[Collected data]
(* Let $(X,\pi)$ be a symmetric two-player game with relative payoff function $\Delta$. If $X$ is compact and $\Delta$ is upper semicontinuous and additively separable, then imitation is essentially unbeatable.
   Context: A symmetric two-player game $(X,\pi)$: common action set $X$ (here a topological space) and bounded payoff $\pi:X\times X\to\mathbb{R}$, $\pi(x,y)$ = payoff of the player choosing $x$ against $y$. Relative payoff: $\Delta(x,y)=\pi(x,y)-\pi(y,x)$; it is additively separable if $\Delta(x,y)=f(x)+g(y)$ for some functions $f,g:X\to\mathbb{R}$. Let $\hat\Delta:=\max_{x,y\in X}\Delta(x,y)$. Imitate-the-best: given initial $y_0\in X$ and any opponent sequence $(x_t)_{t\ge0}$ in $X$, $y_t=x_{t-1}$ if $\Delta(x_{t-1},y_{t-1})>0$ and $y_t=y_{t-1}$ otherwise. Imitation is essentially unbeatable if for every $y_0\in X$ and every sequence $(x_t)$, $\limsup_{T\to\infty}\sum_{t=0}^T\Delta(x_t,y_t)\le\hat\Delta$. *)

theory Defs
  imports "HOL-Analysis.Analysis"
begin

definition rel_payoff :: "('a \<Rightarrow> 'a \<Rightarrow> real) \<Rightarrow> 'a \<Rightarrow> 'a \<Rightarrow> real" where
  "rel_payoff \<pi> x y = \<pi> x y - \<pi> y x"

definition upper_semicont :: "('b::topological_space \<Rightarrow> real) \<Rightarrow> bool" where
  "upper_semicont f \<longleftrightarrow> (\<forall>c. open {p. f p < c})"

definition additively_separable :: "('a \<Rightarrow> 'a \<Rightarrow> real) \<Rightarrow> bool" where
  "additively_separable D \<longleftrightarrow> (\<exists>f g. \<forall>x y. D x y = f x + g y)"

text \<open>Maximal relative payoff (attained under the hypotheses of the theorem).\<close>
definition max_rel_payoff :: "('a \<Rightarrow> 'a \<Rightarrow> real) \<Rightarrow> real" where
  "max_rel_payoff D = (SUP p\<in>UNIV. D (fst p) (snd p))"

primrec imitate :: "('a \<Rightarrow> 'a \<Rightarrow> real) \<Rightarrow> 'a \<Rightarrow> (nat \<Rightarrow> 'a) \<Rightarrow> nat \<Rightarrow> 'a" where
  "imitate D y0 xs 0 = y0"
| "imitate D y0 xs (Suc t) =
     (if D (xs t) (imitate D y0 xs t) > 0 then xs t else imitate D y0 xs t)"

definition essentially_unbeatable :: "('a \<Rightarrow> 'a \<Rightarrow> real) \<Rightarrow> bool" where
  "essentially_unbeatable D \<longleftrightarrow>
     (\<forall>y0 xs. limsup (\<lambda>T. ereal (\<Sum>t\<le>T. D (xs t) (imitate D y0 xs t)))
               \<le> ereal (max_rel_payoff D))"

end

theory Submission
  imports Defs
begin

text \<open>A separable relative payoff vanishes on the diagonal, so it is a potential difference
  \<open>\<Delta>(x,y) = f x - f y\<close>. Imitate-the-best only switches to \<open>x\<close> when \<open>\<Delta>(x,y) > 0\<close>,
  i.e. when \<open>f\<close> increases, so in every round the opponent's relative payoff is at most the
  increase of \<open>f\<close> along the imitator's path. The cumulative relative payoff therefore
  telescopes to at most \<open>f y\<^sub>T\<^sub>+\<^sub>1 - f y\<^sub>0 = \<Delta>(y\<^sub>T\<^sub>+\<^sub>1, y\<^sub>0) \<le> \<Delta>\<close>.\<close>

lemma rel_payoff_self [simp]: "rel_payoff \<pi> x x = 0"
  by (simp add: rel_payoff_def)

lemma additively_separable_potential:
  assumes "additively_separable D" and "\<And>x. D x x = 0"
  obtains f where "\<And>x y. D x y = f x - f y"
proof -
  obtain f g where fg: "\<And>x y. D x y = f x + g y"
    using assms(1) unfolding additively_separable_def by blast
  have "g y = - f y" for y
    using fg[of y y] assms(2)[of y] by simp
  then show ?thesis
    using fg that by simp
qed

lemma bdd_above_rel_payoff:
  assumes "\<And>x y. \<bar>\<pi> x y\<bar> \<le> B"
  shows "bdd_above (range (\<lambda>p. rel_payoff \<pi> (fst p) (snd p)))"
proof (rule bdd_aboveI)
  fix r assume "r \<in> range (\<lambda>p. rel_payoff \<pi> (fst p) (snd p))"
  then obtain x y where "r = rel_payoff \<pi> x y" by auto
  then show "r \<le> 2 * B"
    using assms[of x y] assms[of y x] unfolding rel_payoff_def by linarith
qed

lemma le_max_rel_payoff:
  assumes "bdd_above (range (\<lambda>p. D (fst p) (snd p)))"
  shows "D x y \<le> max_rel_payoff D"
  using cSUP_upper[OF UNIV_I assms, of "(x, y)"] by (simp add: max_rel_payoff_def)

lemma sum_imitate_le_potential_gain:
  assumes potential: "\<And>x y. D x y = f x - f y"
  shows "(\<Sum>t\<le>T. D (xs t) (imitate D y0 xs t)) \<le> D (imitate D y0 xs (Suc T)) y0"
proof -
  have step: "D (xs t) (imitate D y0 xs t)
      \<le> f (imitate D y0 xs (Suc t)) - f (imitate D y0 xs t)" for t
    by (auto simp: potential)
  show ?thesis
  proof (induction T)
    case 0
    then show ?case using step[of 0] by (simp add: potential)
  next
    case (Suc T)
    then show ?case using step[of "Suc T"] by (simp add: potential)
  qed
qed

text \<open>Compactness and upper semicontinuity only serve to make \<open>\<Delta>\<close> attain its supremum;
  the bound holds with the supremum itself.\<close>

theorem proposition3:
  fixes \<pi> :: "'a::topological_space \<Rightarrow> 'a \<Rightarrow> real"
  assumes bounded: "\<exists>B. \<forall>x y. \<bar>\<pi> x y\<bar> \<le> B"
    and compact: "compact (UNIV :: 'a set)"
    and usc: "upper_semicont (\<lambda>p::'a \<times> 'a. rel_payoff \<pi> (fst p) (snd p))"
    and sep: "additively_separable (rel_payoff \<pi>)"
  shows "essentially_unbeatable (rel_payoff \<pi>)"
  unfolding essentially_unbeatable_def
proof (intro allI)
  fix y0 xs
  obtain f where f: "\<And>x y. rel_payoff \<pi> x y = f x - f y"
    using additively_separable_potential[OF sep rel_payoff_self] by blast
  obtain B where "\<And>x y. \<bar>\<pi> x y\<bar> \<le> B"
    using bounded by blast
  then have "\<And>x y. rel_payoff \<pi> x y \<le> max_rel_payoff (rel_payoff \<pi>)"
    by (intro le_max_rel_payoff bdd_above_rel_payoff)
  then have "(\<Sum>t\<le>T. rel_payoff \<pi> (xs t) (imitate (rel_payoff \<pi>) y0 xs t))
      \<le> max_rel_payoff (rel_payoff \<pi>)" for T
    by (rule order_trans[OF sum_imitate_le_potential_gain[OF f]])
  then show "limsup (\<lambda>T. ereal (\<Sum>t\<le>T. rel_payoff \<pi> (xs t) (imitate (rel_payoff \<pi>) y0 xs t)))
      \<le> ereal (max_rel_payoff (rel_payoff \<pi>))"
    by (intro Limsup_bounded always_eventually allI) simp
qed

end
section \<open>Closure of an operator agreeing with a continuous map on a dense set\<close>

lemma closure_graph_dense_continuous:
  fixes f g :: "'a::complex_normed_vector \<Rightarrow> 'b::complex_normed_vector"
  assumes g: "continuous_on UNIV g" and dense: "densely_defined D" and fg: "\<And>x. x \<in> D \<Longrightarrow> f x = g x"
  shows "closable D f" "cl_dom D f = UNIV" "cl_fun D f x = g x"
proof -
  have gr: "graph D f = (\<lambda>x. (x, g x)) ` D" unfolding graph_def using fg by auto
  have cl: "closure (graph D f) = range (\<lambda>x. (x, g x))"
  proof
    show "closure (graph D f) \<subseteq> range (\<lambda>x. (x, g x))"
      by (rule closure_minimal) (auto simp: gr intro: continuous_closed_graph[OF closed_UNIV g])
    have "(\<lambda>x. (x, g x)) ` closure D \<subseteq> closure (graph D f)"
      by (rule image_closure_subset) (auto simp: gr intro!: continuous_on_Pair continuous_on_id
          continuous_on_subset[OF g] closure_subset[THEN subsetD])
    then show "range (\<lambda>x. (x, g x)) \<subseteq> closure (graph D f)"
      using dense by (simp add: densely_defined_def)
  qed
  show "closable D f" unfolding closable_def cl is_graph_def by auto
  show "cl_dom D f = UNIV" unfolding cl_dom_def cl by force
  show "cl_fun D f x = g x" unfolding cl_fun_def cl by (rule the_equality) auto
qed


section \<open>The products AB and BA\<close>

(* Closed operators A : dom A in X -> Y and B : dom B in Y -> X.  DAB, DBA are the natural
   domains of AB and BA, and RAB l, RBA l their resolvents R(l), S(l). *)
locale closed_operator_pair =
  fixes DA :: "'x::cbanach set" and A :: "'x \<Rightarrow> 'y::cbanach"
    and DB :: "'y set" and B :: "'y \<Rightarrow> 'x"
  assumes A_lin: "lin_op DA A" and A_closed: "closed_op DA A"
    and B_lin: "lin_op DB B" and B_closed: "closed_op DB B"
begin

abbreviation "DAB \<equiv> prod_dom DA DB B"
abbreviation "DBA \<equiv> prod_dom DB DA A"
abbreviation "RAB \<equiv> resolvent DAB (A \<circ> B)"
abbreviation "RBA \<equiv> resolvent DBA (B \<circ> A)"

lemma BA_lin: "lin_op DBA (B \<circ> A)"
  by (rule lin_op_prod[OF A_lin B_lin])

lemma B_res_A_shift:
  assumes l: "l \<in> resolvent_set DAB (A \<circ> B)" and u: "u \<in> DA"
  defines "z \<equiv> B (RAB l (A u)) - u"
  shows "z \<in> DBA" "(B \<circ> A) z - cscale l z = cscale l u"
proof -
  define v where "v = RAB l (A u)"
  have v: "v \<in> DB" "B v \<in> DA" "A (B v) - cscale l v = A u"
    using resolventD(1,2)[OF l, of "A u"] unfolding v_def prod_dom_def by auto
  have zA: "z \<in> DA" using csubspace_diff[OF lin_op_subspace[OF A_lin] v(2) u] by (simp add: z_def v_def)
  have Az: "A z = cscale l v"
    using v(3) lin_op_diff[OF A_lin v(2) u] by (simp add: z_def v_def algebra_simps)
  show "z \<in> DBA"
    using zA Az lin_op_subspace[OF B_lin] v(1) by (simp add: prod_dom_def csubspace_def)
  have "(B \<circ> A) z - cscale l z = cscale l (B v) - cscale l (B v - u)"
    using Az lin_op_scale[OF B_lin v(1)] by (simp add: z_def v_def)
  then show "(B \<circ> A) z - cscale l z = cscale l u"
    by (simp add: cscale_diff_right)
qed

lemma BA_injective:
  assumes l: "l \<in> resolvent_set DAB (A \<circ> B)" "l \<noteq> 0"
    and x: "x \<in> DBA" "(B \<circ> A) x - cscale l x = 0"
  shows "x = 0"
proof -
  have xA: "x \<in> DA" "A x \<in> DB" "B (A x) = cscale l x" using x by (auto simp: prod_dom_def)
  then have "A x \<in> DAB" using lin_op_subspace[OF A_lin] by (simp add: prod_dom_def csubspace_def)
  moreover have "(A \<circ> B) (A x) - cscale l (A x) = 0" using xA lin_op_scale[OF A_lin xA(1)] by simp
  ultimately have "A x = RAB l 0" using resolventD(4)[OF l(1)] by metis
  then have "A x = 0"
    using resolventD(3)[OF l(1)] by (simp add: cbounded_linear_def linear_0 bounded_linear.linear)
  then have "cscale l x = 0" using xA lin_op_zero[OF B_lin] by simp
  then show "x = 0" using cscale_inverse[OF l(2), of x] by simp
qed

(* For l in rho(AB) - {0} and m in rho(BA), T = l^{-1} (m S(m) + (l - m) B R(l) A S(m)) is a
   right inverse of BA - l: writing u = S(m) x and z = B R(l) A u - u, one has
   T x = u + ((l - m)/l) z, and (BA - l) u = x + (m - l) u, (BA - l) z = l u. *)
lemma BA_right_inverse:
  assumes m: "m \<in> resolvent_set DBA (B \<circ> A)"
    and l: "l \<in> resolvent_set DAB (A \<circ> B)" "l \<noteq> 0"
  defines "T \<equiv> \<lambda>x. cscale (inverse l) (cscale m (RBA m x) + cscale (l - m) (B (RAB l (A (RBA m x)))))"
  shows "T x \<in> DBA" "(B \<circ> A) (T x) - cscale l (T x) = x"
proof -
  define u where "u = RBA m x"
  define z where "z = B (RAB l (A u)) - u"
  define k where "k = (l - m) / l"
  have u: "u \<in> DBA" "u \<in> DA" "(B \<circ> A) u - cscale m u = x"
    using resolventD(1,2)[OF m, of x] by (auto simp: u_def prod_dom_def)
  have z: "z \<in> DBA" "(B \<circ> A) z - cscale l z = cscale l u"
    using B_res_A_shift[OF l(1) u(2)] by (simp_all add: z_def)
  have Tx: "T x = u + cscale k z"
  proof -
    have "T x = cscale (inverse l) (cscale m u + cscale (l - m) (z + u))"
      by (simp add: T_def u_def z_def)
    also have "\<dots> = cscale (inverse l) (cscale l u + cscale (l - m) z)"
      by (simp add: cscale_add_right cscale_diff_left algebra_simps)
    also have "\<dots> = u + cscale k z"
      using l(2) by (simp add: cscale_add_right cscale_cscale k_def field_simps cscale_one)
    finally show ?thesis .
  qed
  show "T x \<in> DBA"
    using Tx u(1) z(1) lin_op_subspace[OF BA_lin] by (simp add: csubspace_def)
  have "(B \<circ> A) (T x) - cscale l (T x) = ((B \<circ> A) u - cscale l u) + cscale k (cscale l u)"
    unfolding Tx lin_op_shift[OF BA_lin u(1) z(1)] z(2) ..
  also have "cscale k (cscale l u) = cscale (l - m) u"
    using l(2) by (simp add: cscale_cscale k_def)
  also have "((B \<circ> A) u - cscale l u) + cscale (l - m) u = (B \<circ> A) u - cscale m u"
    by (simp add: cscale_diff_left)
  also have "\<dots> = x" by (rule u(3))
  finally show "(B \<circ> A) (T x) - cscale l (T x) = x" .
qed

(* Hence l is in rho(BA) with S(l) = T, T being bounded as B R(l) and A S(m) are. *)
lemma BA_resolvent_formula:
  assumes m: "m \<in> resolvent_set DBA (B \<circ> A)"
    and l: "l \<in> resolvent_set DAB (A \<circ> B)" "l \<noteq> 0"
  defines "T \<equiv> \<lambda>x. cscale (inverse l) (cscale m (RBA m x) + cscale (l - m) (B (RAB l (A (RBA m x)))))"
  shows "l \<in> resolvent_set DBA (B \<circ> A)" "RBA l = T"
proof -
  have ASm: "cbounded_linear (\<lambda>x. A (RBA m x))"
    using resolventD(1,3)[OF m] by (intro closed_op_compose_bounded[OF A_lin A_closed]) (auto simp: prod_dom_def)
  have BRl: "cbounded_linear (\<lambda>y. B (RAB l y))"
    using resolventD(1,3)[OF l(1)] by (intro closed_op_compose_bounded[OF B_lin B_closed]) (auto simp: prod_dom_def)
  have "cbounded_linear T"
    unfolding T_def
    by (intro cbounded_linear_compose[OF cbounded_linear_cscale] cbounded_linear_add
        cbounded_linear_compose[OF BRl ASm] resolventD(3)[OF m])
  moreover have "T x \<in> DBA \<and> (B \<circ> A) (T x) - cscale l (T x) = x" for x
    using BA_right_inverse[OF m l] unfolding T_def by blast
  ultimately show "l \<in> resolvent_set DBA (B \<circ> A)" "RBA l = T"
    using resolvent_setI[OF BA_lin] BA_injective[OF l] by blast+
qed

◆ Description of the task
Check each line above for the word "abbreviation", and copy the lines where it appears.

◆ Exercise answer
abbreviation "DAB \<equiv> prod_dom DA DB B"
abbreviation "DBA \<equiv> prod_dom DB DA A"
abbreviation "RAB \<equiv> resolvent DAB (A \<circ> B)"
abbreviation "RBA \<equiv> resolvent DBA (B \<circ> A)"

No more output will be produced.